Вашецкий, будучи, пожалуй, самым трезвым из всей компании, удивленно смотрел в сторону Арея, но так и не увидев его, не заметив даже легкого дрожания воздуха в том пространстве, где располагалось тело непрошенного гостя, говорил задумчиво, с таким видом, будто его голову только что посетила свежая мысль:
– Похоже на цитату из обвинительной речи Сафонова…
На этот раз проявляла беспокойство Людмила, и ее твердый локоток вреза́лся в мягкий бок супруга.
– Да это и было обвинение, – продолжал Арей. – Только Черкасову повезло. Пока дело разворачивали, умер Эйзенштейн, началась борьба с космополитизмом… – в общем, в сорок восьмом уже было не до него. А в сорок девятом он опять на коне: четыре роли за один год!

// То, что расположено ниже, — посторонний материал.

subsection \<open>The union of k bicycle matroids\<close>

lemma partition_into_injective_classes:
  fixes h :: "'a \<Rightarrow> 'b"
  assumes "finite X" and fibre: "\<And>v. card {x\<in>X. h x = v} \<le> k"
  obtains f where "\<And>i. f i \<subseteq> X" "\<And>i. inj_on h (f i)" "X = (\<Union>i<k. f i)"
proof -
  have "\<forall>v. \<exists>g. g ` {x\<in>X. h x = v} \<subseteq> {..<k} \<and> inj_on g {x\<in>X. h x = v}"
    using assms by (intro allI card_le_inj) auto
  then obtain g where g: "\<forall>v. g v ` {x\<in>X. h x = v} \<subseteq> {..<k} \<and> inj_on (g v) {x\<in>X. h x = v}"
    by (rule choice[THEN exE])
  define f where "f i = {x\<in>X. g (h x) x = i}" for i
  have "f i \<subseteq> X" for i
    by (auto simp: f_def)
  moreover have "inj_on h (f i)" for i
  proof (rule inj_onI)
    fix x y assume "x \<in> f i" "y \<in> f i" "h x = h y"
    then show "x = y"
      using g inj_onD[of "g (h x)" "{z\<in>X. h z = h x}" x y] by (simp add: f_def)
  qed
  moreover have "X = (\<Union>i<k. f i)"
    using g by (auto simp: f_def)
  ultimately show thesis
    by (rule that)
qed

lemma union_bicycle_imp_sparse:
  assumes "union_indep k (bicycle_indep n k) X"
  shows "X \<subseteq> Kgraph n k" "sparse n k X"
proof -
  obtain f where f: "\<forall>i<k. bicycle_indep n k (f i)" and X: "X = (\<Union>i<k. f i)"
    using assms by (auto simp: union_indep_def)
  show "X \<subseteq> Kgraph n k"
    using f X bicycle_indep_subset by blast
  have "card (induced X V) \<le> k * card V" if "V \<subseteq> {0..<n}" for V
  proof -
    have "induced X V = (\<Union>i<k. induced (f i) V)"
      by (auto simp: X induced_def)
    then have "card (induced X V) \<le> (\<Sum>i<k. card (induced (f i) V))"
      by (simp add: card_UN_le)
    also have "\<dots> \<le> (\<Sum>i<k. card V)"
      using f that finite_subset[of V "{0..<n}"] by (intro sum_mono bicycle_indep_card_induced) auto
    finally show ?thesis by simp
  qed
  then show "sparse n k X"
    by (simp add: sparse_induced)
qed

lemma sparse_imp_union_bicycle:
  assumes X: "X \<subseteq> Kgraph n k" and "sparse n k X"
  shows "union_indep k (bicycle_indep n k) X"
proof -
  have fX: "finite X"
    using X finite_Kgraph finite_subset by blast
  have ends_X: "\<forall>e\<in>X. ends e \<subseteq> {0..<n}"
    using X ends_Kgraph by blast
  have "\<forall>V\<subseteq>{0..<n}. card (induced X V) \<le> sum (\<lambda>_. k) V"
    using \<open>sparse n k X\<close> by (simp add: sparse_induced mult.commute)
  then obtain h where h: "\<forall>e\<in>X. h e \<in> ends e" and load: "\<forall>v\<in>{0..<n}. card {e\<in>X. h e = v} \<le> k"
    using orientation_with_bounded_indegree[OF fX finite_atLeastLessThan ends_X] by blast
  have fibres: "card {e\<in>X. h e = v} \<le> k" for v
  proof (cases "v < n")
    case False
    have "h e < n" if "e \<in> X" for e
      using h ends_X that by fastforce
    with False have "{e\<in>X. h e = v} = {}"
      by fastforce
    then show ?thesis
      by (metis card.empty zero_le)
  qed (use load in simp)
  obtain f where f: "\<And>i. f i \<subseteq> X" "\<And>i. inj_on h (f i)" and X_f: "X = (\<Union>i<k. f i)"
    using partition_into_injective_classes[OF fX fibres] by metis
  have "bicycle_indep n k (f i)" if "i < k" for i
  proof (rule injective_ends_imp_bicycle_indep)
    show "f i \<subseteq> Kgraph n k"
      using f(1) X by (rule subset_trans)
    show "inj_on h (f i)"
      by (rule f(2))
    show "\<forall>e\<in>f i. h e \<in> ends e"
      using f(1) h by blast
  qed
  with X_f show ?thesis
    unfolding union_indep_def by blast
qed

lemma union_bicycle_iff_sparse:
  "union_indep k (bicycle_indep n k) X \<longleftrightarrow> X \<subseteq> Kgraph n k \<and> sparse n k X"
  using union_bicycle_imp_sparse sparse_imp_union_bicycle by blast

lemma matroidI:
  assumes "finite E" "\<And>X. I X \<Longrightarrow> X \<subseteq> E" "I {}" "\<And>X Y. I Y \<Longrightarrow> X \<subseteq> Y \<Longrightarrow> I X"
    "\<And>X Y. I X \<Longrightarrow> I Y \<Longrightarrow> card X < card Y \<Longrightarrow> \<exists>e\<in>Y - X. I (insert e X)"
  shows "matroid E I"
  using assms unfolding matroid_def by blast

lemma matroid_finite: "matroid E I \<Longrightarrow> I X \<Longrightarrow> finite X"
  unfolding matroid_def by (meson finite_subset)

lemma matroid_subset: "matroid E I \<Longrightarrow> I Y \<Longrightarrow> X \<subseteq> Y \<Longrightarrow> I X"
  unfolding matroid_def by blast

lemma matroid_augment:
  "matroid E I \<Longrightarrow> I X \<Longrightarrow> I Y \<Longrightarrow> card X < card Y \<Longrightarrow> \<exists>e\<in>Y - X. I (insert e X)"
  unfolding matroid_def by blast

lemma matroid_trunc_indep:
  assumes M: "matroid E I"
  shows "matroid E (trunc_indep r I)"
  unfolding trunc_indep_def
proof (rule matroidI)
  show "I X \<and> card X \<le> r" if "I Y \<and> card Y \<le> r" "X \<subseteq> Y" for X Y
    using that matroid_subset[OF M] card_mono[OF matroid_finite[OF M]] by (meson le_trans)
  show "\<exists>e\<in>Y - X. I (insert e X) \<and> card (insert e X) \<le> r"
    if XY: "I X \<and> card X \<le> r" "I Y \<and> card Y \<le> r" "card X < card Y" for X Y
  proof -
    obtain e where "e \<in> Y - X" "I (insert e X)"
      using matroid_augment[OF M] XY by blast
    with XY matroid_finite[OF M] show ?thesis by auto
  qed
  show "finite E" "I {} \<and> card {} \<le> r"
    using M by (simp_all add: matroid_def)
  show "X \<subseteq> E" if "I X \<and> card X \<le> r" for X
    using M that unfolding matroid_def by blast
qed

lemma bases_trunc_indep:
  assumes M: "matroid E I" and Y: "I Y" "r \<le> card Y"
  shows "bases (trunc_indep r I) = {B. I B \<and> card B = r}"
proof (intro set_eqI iffI; simp)
  fix B
  show "I B \<and> card B = r" if "B \<in> bases (trunc_indep r I)"
  proof -
    have B: "I B" "card B \<le> r"
      and max: "\<And>B'. I B' \<Longrightarrow> card B' \<le> r \<Longrightarrow> B \<subseteq> B' \<Longrightarrow> B' = B"
      using that by (auto simp: bases_def trunc_indep_def)
    obtain Y' where "Y' \<subseteq> Y" "card Y' = r"
      using Y(2) obtain_subset_with_card_n by metis
    then have "I Y'"
      using matroid_subset[OF M Y(1)] by blast
    have "card B = r"
    proof (rule ccontr)
      assume "card B \<noteq> r"
      then have "card B < card Y'"
        using B(2) \<open>card Y' = r\<close> by simp
      then obtain e where "e \<in> Y' - B" "I (insert e B)"
        using matroid_augment[OF M B(1) \<open>I Y'\<close>] by blast
      moreover have "card (insert e B) \<le> r"
        using \<open>card B < card Y'\<close> \<open>card Y' = r\<close> matroid_finite[OF M B(1)]
        by (simp add: card_insert_if)
      ultimately show False
        using max[of "insert e B"] by blast
    qed
    with B show ?thesis by simp
  qed
  show "B \<in> bases (trunc_indep r I)" if B: "I B \<and> card B = r"
  proof -
    have "B' = B" if "I B'" "card B' \<le> r" "B \<subseteq> B'" for B'
      using card_seteq[OF matroid_finite[OF M that(1)] that(3)] that(2) B by simp
    with B show ?thesis
      by (simp add: bases_def trunc_indep_def)
  qed
qed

Теперь удивлялся Девич. Он тоже внимательно смотрел в сторону Арея и, подобно Вашецкому, ничего не видел в том месте, откуда, как ему казалось, раздавался голос.
– Четыре роли за один год! – возмущался он. – А тут… Удар княжны, приобретшей свой навык на лесоповале, всегда бывал точным и своевременным. Александр Иванович переводил дыхание несколько секунд, а отдышавшись, надолго задумывался, сидя, как царь со скипетром, с поднятой ко рту вилкой…
Так вот обычно и проходили посиделки, и никто не замечал присутствия и активного участия в них Арея, как никто не видел его, заходя в «ванную», где он жил в течение нескольких лет. Непонятная слепота не относилась только к Борьке с Галей. Они-то видели его не раз и любили поговорить с ним. Отчего же именно четырехлетнему мальчонке и расконвоированной заключенной дано было видеть Арея, а другим – нет? Впрочем, никакого секрета тут не было. Всё началось вот с чего…
* * *Однажды Арей, пребывавший в своей «ванной», как всегда в полусне раздумий, очнулся от детского вопля, послышавшегося из кухни. В квартире было четыре ребенка разного возраста. Каждый из них в течение дня имел по нескольку серьезных – с их, детской, точки зрения – причин для слез, а потому плач, сопровождаемый соответствующим звуковым оформлением, здесь не был редкостью и обычно не вызывал моментальной реакции взрослых. В данном случае, однако, характер детского крика, сразу перешедшего в хрип, был таков, что заставил Арея забыть свои сны и выскочить из «ванной». Буквально влетев в кухню, он увидел лежащего на полу Борьку – мальчонку, больше всех досаждавшего ему в «ванной» – и Галю, беспомощно стоявшую перед ним на коленях; в руках она держала бутылку с какой-то жидкостью. Борька теперь не хрипел: лицо его посинело, а рот судорожно открывался, как у выловленной из воды рыбешки, – все говорило о том, что он из последних сил борется за жизнь; Галя же, наоборот, побелела лицом – ясно было, что свою жизнь она уже ни во что не ставит и готова вот-вот упасть в обморок.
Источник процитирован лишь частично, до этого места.